WHAT THE EXERCISE ASKS: Please copy, exactly as they appear below, the lines from the one containing "section \<open>Local symmetry\<close>" through the one containing "define cls where".

DATA SUPPLIED:
--------------------------------

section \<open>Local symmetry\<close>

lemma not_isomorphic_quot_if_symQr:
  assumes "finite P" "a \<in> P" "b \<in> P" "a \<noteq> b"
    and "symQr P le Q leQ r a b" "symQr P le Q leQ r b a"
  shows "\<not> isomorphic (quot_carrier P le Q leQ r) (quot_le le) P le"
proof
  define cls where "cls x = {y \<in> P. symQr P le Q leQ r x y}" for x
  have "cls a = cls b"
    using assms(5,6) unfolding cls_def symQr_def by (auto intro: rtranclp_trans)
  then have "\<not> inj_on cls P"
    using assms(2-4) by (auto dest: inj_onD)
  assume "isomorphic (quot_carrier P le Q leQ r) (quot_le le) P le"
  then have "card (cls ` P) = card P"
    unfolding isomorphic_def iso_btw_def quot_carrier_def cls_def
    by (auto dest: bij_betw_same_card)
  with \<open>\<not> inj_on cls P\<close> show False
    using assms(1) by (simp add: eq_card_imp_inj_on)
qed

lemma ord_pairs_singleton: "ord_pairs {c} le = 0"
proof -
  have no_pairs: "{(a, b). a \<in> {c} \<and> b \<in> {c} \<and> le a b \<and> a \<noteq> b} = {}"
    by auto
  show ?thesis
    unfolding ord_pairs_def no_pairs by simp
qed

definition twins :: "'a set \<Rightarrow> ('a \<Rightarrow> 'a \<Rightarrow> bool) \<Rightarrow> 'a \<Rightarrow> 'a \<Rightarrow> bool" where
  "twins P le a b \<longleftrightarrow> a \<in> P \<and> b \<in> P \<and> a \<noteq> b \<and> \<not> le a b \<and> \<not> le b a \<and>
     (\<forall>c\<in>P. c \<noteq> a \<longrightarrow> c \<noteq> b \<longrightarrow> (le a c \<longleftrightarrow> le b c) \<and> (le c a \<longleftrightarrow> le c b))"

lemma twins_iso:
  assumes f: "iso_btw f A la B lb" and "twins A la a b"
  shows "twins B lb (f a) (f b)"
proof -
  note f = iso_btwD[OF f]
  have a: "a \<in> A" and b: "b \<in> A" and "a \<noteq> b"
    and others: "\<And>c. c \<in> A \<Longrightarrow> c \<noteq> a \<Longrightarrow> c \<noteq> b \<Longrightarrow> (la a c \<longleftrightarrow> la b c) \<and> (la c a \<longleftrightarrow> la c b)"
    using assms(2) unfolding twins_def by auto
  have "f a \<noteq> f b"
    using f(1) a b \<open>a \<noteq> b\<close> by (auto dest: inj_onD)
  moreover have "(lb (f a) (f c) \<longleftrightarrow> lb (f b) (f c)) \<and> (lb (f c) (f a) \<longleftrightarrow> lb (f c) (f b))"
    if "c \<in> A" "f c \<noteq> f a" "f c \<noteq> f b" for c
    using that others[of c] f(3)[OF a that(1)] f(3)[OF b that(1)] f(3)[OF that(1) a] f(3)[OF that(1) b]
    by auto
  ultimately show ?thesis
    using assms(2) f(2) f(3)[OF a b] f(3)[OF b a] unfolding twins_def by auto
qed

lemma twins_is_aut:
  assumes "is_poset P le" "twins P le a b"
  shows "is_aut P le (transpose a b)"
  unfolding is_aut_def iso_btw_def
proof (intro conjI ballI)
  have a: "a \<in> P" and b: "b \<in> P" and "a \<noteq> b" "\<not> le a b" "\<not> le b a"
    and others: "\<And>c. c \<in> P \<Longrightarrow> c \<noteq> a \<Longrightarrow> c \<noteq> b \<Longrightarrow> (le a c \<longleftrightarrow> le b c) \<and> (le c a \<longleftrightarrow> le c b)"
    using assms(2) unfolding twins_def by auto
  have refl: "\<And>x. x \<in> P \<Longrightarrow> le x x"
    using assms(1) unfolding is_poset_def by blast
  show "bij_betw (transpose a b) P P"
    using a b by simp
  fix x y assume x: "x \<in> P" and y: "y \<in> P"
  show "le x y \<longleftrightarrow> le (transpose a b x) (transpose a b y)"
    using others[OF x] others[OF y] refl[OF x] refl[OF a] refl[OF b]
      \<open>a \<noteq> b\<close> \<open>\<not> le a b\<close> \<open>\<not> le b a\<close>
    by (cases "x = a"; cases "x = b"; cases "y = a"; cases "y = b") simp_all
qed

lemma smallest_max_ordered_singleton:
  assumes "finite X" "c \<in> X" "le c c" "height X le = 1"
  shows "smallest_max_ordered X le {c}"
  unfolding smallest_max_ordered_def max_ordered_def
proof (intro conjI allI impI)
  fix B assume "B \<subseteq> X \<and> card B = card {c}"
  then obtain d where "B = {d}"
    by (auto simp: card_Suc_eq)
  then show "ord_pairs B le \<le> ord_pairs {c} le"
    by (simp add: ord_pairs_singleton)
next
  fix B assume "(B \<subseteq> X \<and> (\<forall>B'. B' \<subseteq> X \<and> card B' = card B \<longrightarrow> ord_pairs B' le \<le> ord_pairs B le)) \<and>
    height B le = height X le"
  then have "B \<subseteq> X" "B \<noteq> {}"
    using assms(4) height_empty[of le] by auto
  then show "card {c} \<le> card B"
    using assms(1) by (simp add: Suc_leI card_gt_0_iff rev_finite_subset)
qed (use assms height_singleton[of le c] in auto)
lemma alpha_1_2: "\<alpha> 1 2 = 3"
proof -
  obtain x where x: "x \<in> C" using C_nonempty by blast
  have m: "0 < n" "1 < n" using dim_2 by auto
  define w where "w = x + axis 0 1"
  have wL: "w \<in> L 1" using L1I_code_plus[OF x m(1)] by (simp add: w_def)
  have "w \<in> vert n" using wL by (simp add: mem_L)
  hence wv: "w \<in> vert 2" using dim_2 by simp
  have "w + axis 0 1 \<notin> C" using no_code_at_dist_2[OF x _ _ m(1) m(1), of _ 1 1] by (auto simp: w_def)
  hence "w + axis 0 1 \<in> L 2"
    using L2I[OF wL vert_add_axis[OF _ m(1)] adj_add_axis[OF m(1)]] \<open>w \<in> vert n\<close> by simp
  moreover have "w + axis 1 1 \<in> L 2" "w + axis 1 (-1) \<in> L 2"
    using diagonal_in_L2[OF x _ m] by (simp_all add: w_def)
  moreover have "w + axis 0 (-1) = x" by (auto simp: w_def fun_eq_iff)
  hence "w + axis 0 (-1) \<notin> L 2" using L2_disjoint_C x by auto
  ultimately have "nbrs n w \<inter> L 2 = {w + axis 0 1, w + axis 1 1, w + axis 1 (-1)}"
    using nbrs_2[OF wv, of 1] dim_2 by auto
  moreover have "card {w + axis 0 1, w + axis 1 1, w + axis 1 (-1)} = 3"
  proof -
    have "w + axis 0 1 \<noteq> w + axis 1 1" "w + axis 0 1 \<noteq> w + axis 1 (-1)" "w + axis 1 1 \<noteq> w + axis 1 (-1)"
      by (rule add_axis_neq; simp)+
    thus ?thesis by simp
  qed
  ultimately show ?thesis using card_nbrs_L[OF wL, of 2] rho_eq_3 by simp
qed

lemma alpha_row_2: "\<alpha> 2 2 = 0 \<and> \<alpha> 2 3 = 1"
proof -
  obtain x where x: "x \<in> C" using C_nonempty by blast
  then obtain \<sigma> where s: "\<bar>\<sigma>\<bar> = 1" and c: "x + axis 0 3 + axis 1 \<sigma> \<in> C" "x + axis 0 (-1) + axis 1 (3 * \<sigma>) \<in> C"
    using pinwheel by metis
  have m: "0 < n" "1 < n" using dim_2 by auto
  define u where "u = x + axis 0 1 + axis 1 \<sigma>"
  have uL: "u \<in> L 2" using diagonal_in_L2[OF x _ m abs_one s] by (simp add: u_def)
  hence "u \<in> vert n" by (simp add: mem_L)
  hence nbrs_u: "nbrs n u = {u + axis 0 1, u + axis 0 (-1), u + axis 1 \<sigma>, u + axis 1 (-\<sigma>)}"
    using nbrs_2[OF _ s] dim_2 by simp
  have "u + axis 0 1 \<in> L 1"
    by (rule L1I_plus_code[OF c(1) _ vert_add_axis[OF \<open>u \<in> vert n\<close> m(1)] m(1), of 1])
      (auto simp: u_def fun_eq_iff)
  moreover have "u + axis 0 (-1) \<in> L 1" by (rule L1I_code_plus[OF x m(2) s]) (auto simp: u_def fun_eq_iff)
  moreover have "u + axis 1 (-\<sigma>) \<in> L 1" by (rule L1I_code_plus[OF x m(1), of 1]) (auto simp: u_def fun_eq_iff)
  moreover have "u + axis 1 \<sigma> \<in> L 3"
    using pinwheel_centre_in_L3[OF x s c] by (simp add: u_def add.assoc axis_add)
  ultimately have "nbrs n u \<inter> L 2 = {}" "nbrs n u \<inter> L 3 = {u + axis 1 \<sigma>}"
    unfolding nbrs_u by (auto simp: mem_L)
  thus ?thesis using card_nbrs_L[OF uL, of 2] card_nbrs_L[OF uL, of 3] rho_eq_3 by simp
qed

--------------------------------

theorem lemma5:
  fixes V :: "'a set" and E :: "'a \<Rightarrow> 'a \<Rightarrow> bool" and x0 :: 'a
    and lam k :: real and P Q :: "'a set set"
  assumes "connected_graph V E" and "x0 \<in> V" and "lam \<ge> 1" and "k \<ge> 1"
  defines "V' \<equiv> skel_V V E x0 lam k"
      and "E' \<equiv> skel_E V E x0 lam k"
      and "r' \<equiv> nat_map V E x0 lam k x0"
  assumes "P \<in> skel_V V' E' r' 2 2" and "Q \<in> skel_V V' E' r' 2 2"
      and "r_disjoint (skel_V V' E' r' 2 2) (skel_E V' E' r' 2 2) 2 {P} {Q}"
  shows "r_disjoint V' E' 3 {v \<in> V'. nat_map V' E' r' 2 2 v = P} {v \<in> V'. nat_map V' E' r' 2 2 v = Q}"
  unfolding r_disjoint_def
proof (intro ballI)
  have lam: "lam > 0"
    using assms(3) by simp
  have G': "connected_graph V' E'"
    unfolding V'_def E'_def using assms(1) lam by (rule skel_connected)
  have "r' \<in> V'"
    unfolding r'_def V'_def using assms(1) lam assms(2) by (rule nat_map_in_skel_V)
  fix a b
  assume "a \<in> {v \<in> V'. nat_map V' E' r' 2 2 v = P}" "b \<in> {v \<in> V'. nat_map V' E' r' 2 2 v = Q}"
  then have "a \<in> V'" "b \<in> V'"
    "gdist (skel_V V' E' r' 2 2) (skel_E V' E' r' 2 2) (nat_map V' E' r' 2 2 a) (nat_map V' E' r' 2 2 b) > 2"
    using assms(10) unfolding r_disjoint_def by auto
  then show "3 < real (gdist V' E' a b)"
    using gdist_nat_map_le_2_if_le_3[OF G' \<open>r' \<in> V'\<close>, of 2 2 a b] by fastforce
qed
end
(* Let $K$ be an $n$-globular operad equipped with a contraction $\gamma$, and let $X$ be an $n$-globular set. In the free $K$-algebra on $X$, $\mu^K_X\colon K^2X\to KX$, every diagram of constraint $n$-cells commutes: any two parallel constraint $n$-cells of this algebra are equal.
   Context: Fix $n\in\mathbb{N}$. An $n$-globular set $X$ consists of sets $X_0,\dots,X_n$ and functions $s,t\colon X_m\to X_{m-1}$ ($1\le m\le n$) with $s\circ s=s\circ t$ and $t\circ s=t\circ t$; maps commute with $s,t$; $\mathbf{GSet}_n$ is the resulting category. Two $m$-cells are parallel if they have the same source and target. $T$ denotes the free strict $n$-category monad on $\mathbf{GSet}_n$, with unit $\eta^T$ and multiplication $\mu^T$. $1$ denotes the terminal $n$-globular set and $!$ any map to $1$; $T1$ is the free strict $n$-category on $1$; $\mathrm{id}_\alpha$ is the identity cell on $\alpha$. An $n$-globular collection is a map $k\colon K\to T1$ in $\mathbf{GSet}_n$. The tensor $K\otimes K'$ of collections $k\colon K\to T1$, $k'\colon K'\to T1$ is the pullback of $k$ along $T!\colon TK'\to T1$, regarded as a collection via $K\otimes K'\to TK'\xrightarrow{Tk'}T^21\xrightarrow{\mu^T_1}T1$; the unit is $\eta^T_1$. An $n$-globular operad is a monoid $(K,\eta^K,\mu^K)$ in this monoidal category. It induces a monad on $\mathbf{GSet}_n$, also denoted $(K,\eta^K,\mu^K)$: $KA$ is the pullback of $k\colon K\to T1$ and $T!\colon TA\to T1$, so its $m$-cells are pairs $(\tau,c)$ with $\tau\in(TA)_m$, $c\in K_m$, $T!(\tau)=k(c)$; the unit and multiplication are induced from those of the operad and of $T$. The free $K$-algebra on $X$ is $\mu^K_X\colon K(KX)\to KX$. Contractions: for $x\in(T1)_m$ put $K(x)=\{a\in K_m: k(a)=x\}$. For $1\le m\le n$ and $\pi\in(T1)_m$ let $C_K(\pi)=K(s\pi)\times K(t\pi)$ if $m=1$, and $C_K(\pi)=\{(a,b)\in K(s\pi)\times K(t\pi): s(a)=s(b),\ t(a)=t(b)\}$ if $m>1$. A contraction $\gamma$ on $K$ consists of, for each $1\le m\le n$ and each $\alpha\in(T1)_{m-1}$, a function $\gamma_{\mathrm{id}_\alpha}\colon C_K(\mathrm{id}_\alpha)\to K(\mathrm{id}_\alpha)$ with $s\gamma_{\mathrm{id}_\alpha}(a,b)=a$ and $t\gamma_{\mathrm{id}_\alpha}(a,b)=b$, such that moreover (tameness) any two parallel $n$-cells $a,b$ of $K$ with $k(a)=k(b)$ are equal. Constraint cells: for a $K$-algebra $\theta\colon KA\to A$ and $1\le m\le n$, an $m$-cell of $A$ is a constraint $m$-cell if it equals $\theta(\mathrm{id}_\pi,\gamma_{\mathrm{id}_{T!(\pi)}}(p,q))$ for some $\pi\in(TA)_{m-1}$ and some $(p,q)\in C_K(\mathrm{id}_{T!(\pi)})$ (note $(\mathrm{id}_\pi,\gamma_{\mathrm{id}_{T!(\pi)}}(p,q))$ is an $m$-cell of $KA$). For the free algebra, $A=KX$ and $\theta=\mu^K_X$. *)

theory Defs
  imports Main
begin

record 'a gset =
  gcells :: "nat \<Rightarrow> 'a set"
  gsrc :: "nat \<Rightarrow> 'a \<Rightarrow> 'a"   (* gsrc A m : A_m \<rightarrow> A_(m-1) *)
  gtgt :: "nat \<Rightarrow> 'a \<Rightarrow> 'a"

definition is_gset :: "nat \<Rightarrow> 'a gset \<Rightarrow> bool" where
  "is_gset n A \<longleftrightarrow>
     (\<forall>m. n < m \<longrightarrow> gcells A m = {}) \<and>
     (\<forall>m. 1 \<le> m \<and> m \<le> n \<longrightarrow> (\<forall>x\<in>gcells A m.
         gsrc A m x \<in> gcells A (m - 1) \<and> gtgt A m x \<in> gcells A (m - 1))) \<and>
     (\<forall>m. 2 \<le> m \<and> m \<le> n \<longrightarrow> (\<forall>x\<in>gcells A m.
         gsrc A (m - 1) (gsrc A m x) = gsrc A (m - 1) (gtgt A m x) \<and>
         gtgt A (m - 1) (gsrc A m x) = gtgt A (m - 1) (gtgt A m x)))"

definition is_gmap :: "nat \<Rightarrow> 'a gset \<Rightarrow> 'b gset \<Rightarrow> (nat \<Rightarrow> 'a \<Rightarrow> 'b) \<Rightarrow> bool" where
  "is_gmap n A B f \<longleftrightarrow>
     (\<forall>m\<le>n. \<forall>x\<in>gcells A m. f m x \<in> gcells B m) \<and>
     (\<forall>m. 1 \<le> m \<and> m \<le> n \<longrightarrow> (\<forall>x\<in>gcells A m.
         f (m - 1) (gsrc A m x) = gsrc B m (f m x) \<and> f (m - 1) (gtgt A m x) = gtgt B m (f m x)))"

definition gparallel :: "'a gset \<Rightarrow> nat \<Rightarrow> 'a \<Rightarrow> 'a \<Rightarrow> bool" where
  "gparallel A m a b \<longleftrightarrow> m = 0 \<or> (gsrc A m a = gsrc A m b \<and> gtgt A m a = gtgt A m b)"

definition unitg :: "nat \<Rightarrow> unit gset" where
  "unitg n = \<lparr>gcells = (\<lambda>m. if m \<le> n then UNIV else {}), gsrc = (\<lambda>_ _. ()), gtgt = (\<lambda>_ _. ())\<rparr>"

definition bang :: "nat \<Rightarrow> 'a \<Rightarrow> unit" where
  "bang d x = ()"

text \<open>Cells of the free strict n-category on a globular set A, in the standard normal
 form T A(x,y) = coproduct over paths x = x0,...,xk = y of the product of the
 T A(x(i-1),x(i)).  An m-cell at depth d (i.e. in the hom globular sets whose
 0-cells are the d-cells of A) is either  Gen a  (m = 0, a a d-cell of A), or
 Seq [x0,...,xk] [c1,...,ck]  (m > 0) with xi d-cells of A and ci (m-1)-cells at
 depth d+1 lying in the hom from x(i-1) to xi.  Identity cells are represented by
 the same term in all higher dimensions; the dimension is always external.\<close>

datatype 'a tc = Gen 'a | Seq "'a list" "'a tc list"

--------------------------------

SOLVED PROBLEM:
section \<open>Local symmetry\<close>

lemma not_isomorphic_quot_if_symQr:
  assumes "finite P" "a \<in> P" "b \<in> P" "a \<noteq> b"
    and "symQr P le Q leQ r a b" "symQr P le Q leQ r b a"
  shows "\<not> isomorphic (quot_carrier P le Q leQ r) (quot_le le) P le"
proof
  define cls where "cls x = {y \<in> P. symQr P le Q leQ r x y}" for x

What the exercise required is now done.